_Exercise description_
Exactly reproduce the lines from the top of the entries below through the line containing "(int N + 1) <", with both ends included.

[Dataset entries]
lemma extendable_prefix_Suc:
  assumes "extendable_prefix r n a N p"
  shows "\<exists>v. extendable_prefix r n a (Suc N) (p(int N + 1 := v))"
proof -
  have "\<exists>v. \<forall>M. \<exists>c. ((\<forall>y>0. c y < r) \<and> \<not> mono_solution_upto n a M c \<and>
            (\<forall>y. 0 < y \<and> y \<le> int N \<longrightarrow> c y = p y)) \<and> c (int N + 1) = v"
  proof (rule antimono_witnesses_pigeonhole[of "{..<r}"])
    show "\<exists>c. ((\<forall>y>0. c y < r) \<and> \<not> mono_solution_upto n a M c \<and>
            (\<forall>y. 0 < y \<and> y \<le> int N \<longrightarrow> c y = p y)) \<and> c (int N + 1) \<in> {..<r}" for M
    proof -
      obtain c where "\<forall>y>0. c y < r" "\<not> mono_solution_upto n a M c"
        "\<forall>y. 0 < y \<and> y \<le> int N \<longrightarrow> c y = p y"
        using assms unfolding extendable_prefix_def by blast
      moreover have "c (int N + 1) < r"
        using \<open>\<forall>y>0. c y < r\<close> by simp
      ultimately show ?thesis
        by blast
    qed
  next
    fix M M' :: nat and c :: "int \<Rightarrow> nat"
    assume "M \<le> M'" and "(\<forall>y>0. c y < r) \<and> \<not> mono_solution_upto n a M' c \<and>
        (\<forall>y. 0 < y \<and> y \<le> int N \<longrightarrow> c y = p y)"
    then show "(\<forall>y>0. c y < r) \<and> \<not> mono_solution_upto n a M c \<and>
        (\<forall>y. 0 < y \<and> y \<le> int N \<longrightarrow> c y = p y)"
      using mono_solution_upto_mono by blast
  qed simp
  then obtain v where v: "\<forall>M. \<exists>c. ((\<forall>y>0. c y < r) \<and> \<not> mono_solution_upto n a M c \<and>
      (\<forall>y. 0 < y \<and> y \<le> int N \<longrightarrow> c y = p y)) \<and> c (int N + 1) = v"
    by blast
  have "extendable_prefix r n a (Suc N) (p(int N + 1 := v))"
    unfolding extendable_prefix_def
  proof
    fix M
    obtain c where "\<forall>y>0. c y < r" and "\<not> mono_solution_upto n a M c"
      and agree: "\<forall>y. 0 < y \<and> y \<le> int N \<longrightarrow> c y = p y" and "c (int N + 1) = v"
      using v by blast
    moreover have "\<forall>y. 0 < y \<and> y \<le> int (Suc N) \<longrightarrow> c y = (p(int N + 1 := v)) y"
      using agree \<open>c (int N + 1) = v\<close> by auto
    ultimately show "\<exists>c. (\<forall>y>0. c y < r) \<and> \<not> mono_solution_upto n a M c \<and>
        (\<forall>y. 0 < y \<and> y \<le> int (Suc N) \<longrightarrow> c y = (p(int N + 1 := v)) y)"
      by blast
  qed
  then show ?thesis ..
qed

text \<open>Koenig's lemma: a branch of extendable prefixes is a colouring of all positive integers
  without monochromatic solutions.\<close>

lemma r_regular_imp_mono_solution_upto:
  assumes "r_regular r n a"
  shows "\<exists>N. \<forall>c. (\<forall>y>0. c y < r) \<longrightarrow> mono_solution_upto n a N c"
proof (rule ccontr)
  assume "\<not> ?thesis"
  then have start: "extendable_prefix r n a 0 p" for p
    by (auto simp: extendable_prefix_def)
  have step: "\<exists>p'. extendable_prefix r n a (Suc N) p' \<and> (\<forall>y. 0 < y \<and> y \<le> int N \<longrightarrow> p' y = p y)"
    if prefix: "extendable_prefix r n a N p" for N p
  proof -
    obtain v where "extendable_prefix r n a (Suc N) (p(int N + 1 := v))"
      using extendable_prefix_Suc[OF prefix] ..
    moreover have "\<forall>y. 0 < y \<and> y \<le> int N \<longrightarrow> (p(int N + 1 := v)) y = p y"
      by simp
    ultimately show ?thesis
      by blast
  qed
  obtain P where P: "\<And>N. extendable_prefix r n a N (P N)"
    and P_agree: "\<And>N y. 0 < y \<Longrightarrow> y \<le> int N \<Longrightarrow> P (Suc N) y = P N y"
    using dependent_nat_choice[of "extendable_prefix r n a"
        "\<lambda>N p p'. \<forall>y. 0 < y \<and> y \<le> int N \<longrightarrow> p' y = p y"] start step by blast
  have P_stable: "P K y = P N y" if "0 < y" "y \<le> int N" "N \<le> K" for N K y
    using \<open>N \<le> K\<close>
  proof (induction K rule: dec_induct)
    case (step K)
    then show ?case
      using P_agree that by simp
  qed simp
  define colour where "colour y = P (nat y) y" for y
  have "colour y < r" if "0 < y" for y
    using P[of "nat y"] that unfolding extendable_prefix_def colour_def by fastforce
  then obtain x k where x_pos: "\<forall>i<n. 0 < x i" and "(\<Sum>i<n. a i * x i) = 0"
    and x_mono: "\<forall>i<n. colour (x i) = k"
    using assms unfolding r_regular_def by blast
  define M where "M = nat (\<Sum>i<n. x i)"
  have "x i \<le> int M" if "i < n" for i
  proof -
    have "x i \<le> (\<Sum>i<n. x i)"
      using that x_pos by (intro member_le_sum) (auto simp: less_imp_le)
    then show ?thesis
      unfolding M_def by simp
  qed
  then have "mono_solution_upto n a M colour"
    unfolding mono_solution_upto_def using x_pos x_mono \<open>(\<Sum>i<n. a i * x i) = 0\<close> by blast
  moreover obtain c where "\<not> mono_solution_upto n a M c"
    and "\<forall>y. 0 < y \<and> y \<le> int M \<longrightarrow> c y = P M y"
    using P[of M] unfolding extendable_prefix_def by blast
  moreover have "colour y = P M y" if "0 < y" "y \<le> int M" for y
    using P_stable[of y "nat y" M] that by (simp add: colour_def)
  ultimately show False
    using mono_solution_upto_cong[of M colour c n a] by simp
qed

_Exercise result_
lemma extendable_prefix_Suc:
  assumes "extendable_prefix r n a N p"
  shows "\<exists>v. extendable_prefix r n a (Suc N) (p(int N + 1 := v))"
proof -
  have "\<exists>v. \<forall>M. \<exists>c. ((\<forall>y>0. c y < r) \<and> \<not> mono_solution_upto n a M c \<and>
            (\<forall>y. 0 < y \<and> y \<le> int N \<longrightarrow> c y = p y)) \<and> c (int N + 1) = v"
  proof (rule antimono_witnesses_pigeonhole[of "{..<r}"])
    show "\<exists>c. ((\<forall>y>0. c y < r) \<and> \<not> mono_solution_upto n a M c \<and>
            (\<forall>y. 0 < y \<and> y \<le> int N \<longrightarrow> c y = p y)) \<and> c (int N + 1) \<in> {..<r}" for M
    proof -
      obtain c where "\<forall>y>0. c y < r" "\<not> mono_solution_upto n a M c"
        "\<forall>y. 0 < y \<and> y \<le> int N \<longrightarrow> c y = p y"
        using assms unfolding extendable_prefix_def by blast
      moreover have "c (int N + 1) < r"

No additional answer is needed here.